What is needed:
Return every line of the data that contains the string "close".
######
section \<open>The Taylor coefficients in \<epsilon> of an analytic first integral\<close>

lemma real_analytic3_on_triple_expansion:
  assumes "real_analytic3_on F U" "(I0, \<theta>0, e) \<in> U"
  obtains a \<rho> where "triple_expansion F a I0 \<theta>0 e \<rho>"
    and "\<And>u v w. \<bar>u\<bar> \<le> \<rho> \<Longrightarrow> \<bar>v\<bar> \<le> \<rho> \<Longrightarrow> \<bar>w\<bar> \<le> \<rho> \<Longrightarrow> (I0 + u, \<theta>0 + v, e + w) \<in> U"
proof -
  from assms(1)[unfolded real_analytic3_on_def, rule_format, OF assms(2)]
  obtain r a where r: "r > 0" "ball (I0, \<theta>0, e) r \<subseteq> U"
    and expansion: "\<And>x. x \<in> ball (I0, \<theta>0, e) r \<Longrightarrow>
       ((\<lambda>(i, j, k). a (i, j, k) * (fst x - I0) ^ i * (fst (snd x) - \<theta>0) ^ j * (snd (snd x) - e) ^ k)
         has_sum F (fst x) (fst (snd x)) (snd (snd x))) UNIV"
    unfolding prod.sel by blast
  have in_ball: "(I0 + u, \<theta>0 + v, e + w) \<in> ball (I0, \<theta>0, e) r"
    if "\<bar>u\<bar> \<le> r / 2" "\<bar>v\<bar> \<le> r / 2" "\<bar>w\<bar> \<le> r / 2" for u v w
  proof -
    have "u\<^sup>2 + (v\<^sup>2 + w\<^sup>2) \<le> 3 * (r / 2)\<^sup>2"
      using power_mono[OF that(1), of 2] power_mono[OF that(2), of 2] power_mono[OF that(3), of 2] by simp
    also have "\<dots> < r\<^sup>2"
      using r(1) by (simp add: power2_eq_square)
    finally show ?thesis
      using r(1) real_sqrt_less_iff[of _ "r\<^sup>2"] by (simp add: dist_Pair_Pair dist_real_def)
  qed
  show ?thesis
  proof
    show "triple_expansion F a I0 \<theta>0 e (r / 2)"
      using r(1) expansion[OF in_ball] by unfold_locales auto
    show "(I0 + u, \<theta>0 + v, e + w) \<in> U" if "\<bar>u\<bar> \<le> r / 2" "\<bar>v\<bar> \<le> r / 2" "\<bar>w\<bar> \<le> r / 2" for u v w
      using in_ball[OF that] r(2) by blast
  qed
qed

definition eps_coeff :: "(real \<Rightarrow> real \<Rightarrow> real \<Rightarrow> real) \<Rightarrow> real \<Rightarrow> real \<Rightarrow> nat \<Rightarrow> real" where
  "eps_coeff F I \<theta> = (SOME d. powser_expansion (F I \<theta>) d)"

context
  fixes F :: "real \<Rightarrow> real \<Rightarrow> real \<Rightarrow> real" and \<epsilon>0 \<beta> :: real
  assumes eps0_pos: "\<epsilon>0 > 0"
    and analytic: "real_analytic3_on F (UNIV \<times> UNIV \<times> {-\<epsilon>0<..<\<epsilon>0})"
    and periodic: "\<forall>I \<theta>. \<forall>\<epsilon>\<in>{-\<epsilon>0<..<\<epsilon>0}. F I (\<theta> + 2 * pi) \<epsilon> = F I \<theta> \<epsilon>"
    and first_integral: "\<forall>\<epsilon>\<in>{-\<epsilon>0<..<\<epsilon>0}. first_integral \<beta> \<epsilon> (\<lambda>I \<theta>. F I \<theta> \<epsilon>)"
begin

lemma triple_expansion_at_eps_0:
  obtains a \<rho> where "triple_expansion F a I \<theta> 0 \<rho>" and "\<And>w. \<bar>w\<bar> \<le> \<rho> \<Longrightarrow> w \<in> {-\<epsilon>0<..<\<epsilon>0}"
proof -
  have "(I, \<theta>, 0) \<in> UNIV \<times> UNIV \<times> {-\<epsilon>0<..<\<epsilon>0}"
    using eps0_pos by simp
  from real_analytic3_on_triple_expansion[OF analytic this]
  obtain a \<rho> where expansion: "triple_expansion F a I \<theta> 0 \<rho>"
    and cube: "\<And>u v w. \<bar>u\<bar> \<le> \<rho> \<Longrightarrow> \<bar>v\<bar> \<le> \<rho> \<Longrightarrow> \<bar>w\<bar> \<le> \<rho> \<Longrightarrow>
      (I + u, \<theta> + v, 0 + w) \<in> UNIV \<times> UNIV \<times> {-\<epsilon>0<..<\<epsilon>0}"
    by blast
  show ?thesis
  proof (rule that[OF expansion])
    show "w \<in> {-\<epsilon>0<..<\<epsilon>0}" if "\<bar>w\<bar> \<le> \<rho>" for w
      using cube[of 0 0 w] that triple_expansion.radius_pos[OF expansion] by simp
  qed
qed

lemma powser_expansion_eps_slice:
  assumes "e \<in> {-\<epsilon>0<..<\<epsilon>0}"
  shows "\<exists>d. powser_expansion (\<lambda>w. F I \<theta> (e + w)) d"
proof -
  have "(I, \<theta>, e) \<in> UNIV \<times> UNIV \<times> {-\<epsilon>0<..<\<epsilon>0}"
    using assms by simp
  from real_analytic3_on_triple_expansion[OF analytic this]
  obtain a \<rho> where "triple_expansion F a I \<theta> e \<rho>"
    and "\<And>u v w. \<bar>u\<bar> \<le> \<rho> \<Longrightarrow> \<bar>v\<bar> \<le> \<rho> \<Longrightarrow> \<bar>w\<bar> \<le> \<rho> \<Longrightarrow>
      (I + u, \<theta> + v, e + w) \<in> UNIV \<times> UNIV \<times> {-\<epsilon>0<..<\<epsilon>0}"
    by blast
  then have "powser_expansion (\<lambda>w. F I \<theta> (e + w)) (\<lambda>k. a (0, 0, k))"
    by (intro triple_expansion.powser_expansion_center)
  then show ?thesis
    by (rule exI[where x="\<lambda>k. a (0, 0, k)"])
qed

lemma powser_expansion_eps_coeff:
  shows "powser_expansion (F I \<theta>) (eps_coeff F I \<theta>)"
proof -
  have "\<exists>d. powser_expansion (F I \<theta>) d"
    using powser_expansion_eps_slice[of 0 I \<theta>] eps0_pos by simp
  then show ?thesis
    unfolding eps_coeff_def by (rule someI_ex)
qed

lemma eps_coeff_eqI:
  assumes "powser_expansion (F I \<theta>) d"
  shows "eps_coeff F I \<theta> = d"
  using powser_expansion_unique[OF powser_expansion_eps_coeff assms] .

lemma eps_coeff_periodic: "eps_coeff F I (\<theta> + 2 * pi) = eps_coeff F I \<theta>"
proof (rule eps_coeff_eqI)
  show "powser_expansion (F I (\<theta> + 2 * pi)) (eps_coeff F I \<theta>)"
    by (rule powser_expansion_cong[OF powser_expansion_eps_coeff eps0_pos])
       (use periodic in \<open>simp add: abs_less_iff\<close>)
qed

lemma eps_coeff_has_derivative:
  assumes "triple_expansion F a I \<theta> 0 \<rho>"
  shows "((\<lambda>y. eps_coeff F I y k) has_real_derivative a (0, 1, k)) (at \<theta>)"
    and "((\<lambda>x. eps_coeff F x \<theta> k) has_real_derivative a (1, 0, k)) (at I)"
proof -
  interpret triple_expansion F a I \<theta> 0 \<rho>
    by fact
  have "(\<lambda>j. a (0, j, k) * v ^ j) sums eps_coeff F I (\<theta> + v) k" if "\<bar>v\<bar> < \<rho>" for v
  proof -
    have "eps_coeff F I (\<theta> + v) = (\<lambda>k. \<Sum>\<^sub>\<infinity>j. a (0, j, k) * v ^ j)"
      using eps_coeff_eqI powser_expansion_theta_shift[of v] that by simp
    then show ?thesis
      using has_sum_imp_sums[OF has_sum_infsum[OF theta_slice_summable]] that by simp
  qed
  then have "powser_expansion (\<lambda>v. eps_coeff F I (\<theta> + v) k) (\<lambda>j. a (0, j, k))"
    unfolding powser_expansion_def using radius_pos by blast
  then show "((\<lambda>y. eps_coeff F I y k) has_real_derivative a (0, 1, k)) (at \<theta>)"
    using powser_expansion_has_derivative by fastforce
  have "(\<lambda>i. a (i, 0, k) * u ^ i) sums eps_coeff F (I + u) \<theta> k" if "\<bar>u\<bar> < \<rho>" for u
  proof -
    have "eps_coeff F (I + u) \<theta> = (\<lambda>k. \<Sum>\<^sub>\<infinity>i. a (i, 0, k) * u ^ i)"
      using eps_coeff_eqI powser_expansion_I_shift[of u] that by simp
    then show ?thesis
      using has_sum_imp_sums[OF has_sum_infsum[OF I_slice_summable]] that by simp
  qed
  then have "powser_expansion (\<lambda>u. eps_coeff F (I + u) \<theta> k) (\<lambda>i. a (i, 0, k))"
    unfolding powser_expansion_def using radius_pos by blast
  then show "((\<lambda>x. eps_coeff F x \<theta> k) has_real_derivative a (1, 0, k)) (at I)"
    using powser_expansion_has_derivative by fastforce
qed

lemma eps_coeff_derivatives:
  obtains a :: "nat \<times> nat \<times> nat \<Rightarrow> real" where "I * a (0, 1, 0) = 0"
    and "\<And>k. I * a (0, 1, Suc k) + (\<beta> * sin \<theta> + 1) * a (1, 0, k) = 0"
    and "\<And>k. ((\<lambda>y. eps_coeff F I y k) has_real_derivative a (0, 1, k)) (at \<theta>)"
    and "\<And>k. ((\<lambda>x. eps_coeff F x \<theta> k) has_real_derivative a (1, 0, k)) (at I)"
proof -
  obtain a \<rho> where local_expansion: "triple_expansion F a I \<theta> 0 \<rho>"
    and small: "\<And>w. \<bar>w\<bar> \<le> \<rho> \<Longrightarrow> w \<in> {-\<epsilon>0<..<\<epsilon>0}"
    using triple_expansion_at_eps_0[where I=I and \<theta>=\<theta>] by blast
  have "first_integral \<beta> w (\<lambda>I \<theta>. F I \<theta> w)" if "\<bar>w\<bar> < \<rho>" for w
    using first_integral small that by simp
  from first_integral_coeff_relations[OF local_expansion this] eps_coeff_has_derivative[OF local_expansion]
  show ?thesis
    by (rule that)
qed

lemma eps_coeff_constant: "eps_coeff F I \<theta> k = eps_coeff F 0 0 k"
proof -
  define p where "p k I \<theta> = deriv (\<lambda>y. eps_coeff F I y k) \<theta>" for k I \<theta>
  define q where "q k I \<theta> = deriv (\<lambda>x. eps_coeff F x \<theta> k) I" for k I \<theta>
  have local: "((\<lambda>y. eps_coeff F I y k) has_real_derivative p k I \<theta>) (at \<theta>)
      \<and> ((\<lambda>x. eps_coeff F x \<theta> k) has_real_derivative q k I \<theta>) (at I)
      \<and> I * p 0 I \<theta> = 0 \<and> I * p (Suc k) I \<theta> + (\<beta> * sin \<theta> + 1) * q k I \<theta> = 0" for k I \<theta>
  proof -
    obtain a :: "nat \<times> nat \<times> nat \<Rightarrow> real" where "I * a (0, 1, 0) = 0"
      and "\<And>k. I * a (0, 1, Suc k) + (\<beta> * sin \<theta> + 1) * a (1, 0, k) = 0"
      and deriv_theta: "\<And>k. ((\<lambda>y. eps_coeff F I y k) has_real_derivative a (0, 1, k)) (at \<theta>)"
      and deriv_I: "\<And>k. ((\<lambda>x. eps_coeff F x \<theta> k) has_real_derivative a (1, 0, k)) (at I)"
      using eps_coeff_derivatives[where I=I and \<theta>=\<theta>] by blast
    moreover have "p k I \<theta> = a (0, 1, k)" "q k I \<theta> = a (1, 0, k)" for k
      unfolding p_def q_def using DERIV_imp_deriv deriv_theta deriv_I by blast+
    ultimately show ?thesis
      by simp
  qed
  show ?thesis
  proof (rule formal_coeff_constant[where c="\<lambda>k I \<theta>. eps_coeff F I \<theta> k" and p=p and q=q and \<beta>=\<beta>])
    show "eps_coeff F I (\<theta> + 2 * pi) k = eps_coeff F I \<theta> k" for k I \<theta>
      by (simp add: eps_coeff_periodic)
  qed (use local in blast)+
qed

lemma analytic_first_integral_constant:
  assumes "\<epsilon> \<in> {-\<epsilon>0<..<\<epsilon>0}"
  shows "F I1 \<theta>1 \<epsilon> = F I2 \<theta>2 \<epsilon>"
proof -
  have same_coeffs: "eps_coeff F I1 \<theta>1 = eps_coeff F I2 \<theta>2"
    by (rule ext) (metis eps_coeff_constant)
  obtain \<delta> where "\<delta> > 0" and "\<And>w. \<bar>w\<bar> < \<delta> \<Longrightarrow> F I1 \<theta>1 w - F I2 \<theta>2 w = 0"
    using powser_expansion_same_coeffs[OF powser_expansion_eps_coeff[of I1 \<theta>1]
      powser_expansion_eps_coeff[of I2 \<theta>2, folded same_coeffs]] by auto
  moreover have "\<exists>d. powser_expansion (\<lambda>w. F I1 \<theta>1 (e + w) - F I2 \<theta>2 (e + w)) d"
    if "e \<in> {-\<epsilon>0<..<\<epsilon>0}" for e
    using powser_expansion_eps_slice[OF that] powser_expansion_diff by blast
  ultimately have "F I1 \<theta>1 \<epsilon> - F I2 \<theta>2 \<epsilon> = 0"
    using powser_expansions_vanishing[where D="\<lambda>e. F I1 \<theta>1 e - F I2 \<theta>2 e" and J="{-\<epsilon>0<..<\<epsilon>0}"]
      eps0_pos assms by (simp add: is_interval_1)
  then show ?thesis
    by simp
qed

end

theorem proposition6p1:
  fixes \<beta> :: real
  shows "\<not> (\<exists>\<epsilon>0 > 0. \<exists>F :: real \<Rightarrow> real \<Rightarrow> real \<Rightarrow> real.
              real_analytic3_on F (UNIV \<times> UNIV \<times> {-\<epsilon>0<..<\<epsilon>0})
            \<and> (\<forall>I \<theta>. \<forall>\<epsilon>\<in>{-\<epsilon>0<..<\<epsilon>0}. F I (\<theta> + 2 * pi) \<epsilon> = F I \<theta> \<epsilon>)
            \<and> (\<forall>\<epsilon>\<in>{-\<epsilon>0<..<\<epsilon>0}. first_integral \<beta> \<epsilon> (\<lambda>I \<theta>. F I \<theta> \<epsilon>))
            \<and> (\<exists>\<epsilon>\<in>{-\<epsilon>0<..<\<epsilon>0}. \<exists>I1 \<theta>1 I2 \<theta>2. F I1 \<theta>1 \<epsilon> \<noteq> F I2 \<theta>2 \<epsilon>))"
  using analytic_first_integral_constant by blast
######
Solution to this problem:
section \<open>The Taylor coefficients in \<epsilon> of an analytic first integral\<close>
       (use periodic in \<open>simp add: abs_less_iff\<close>)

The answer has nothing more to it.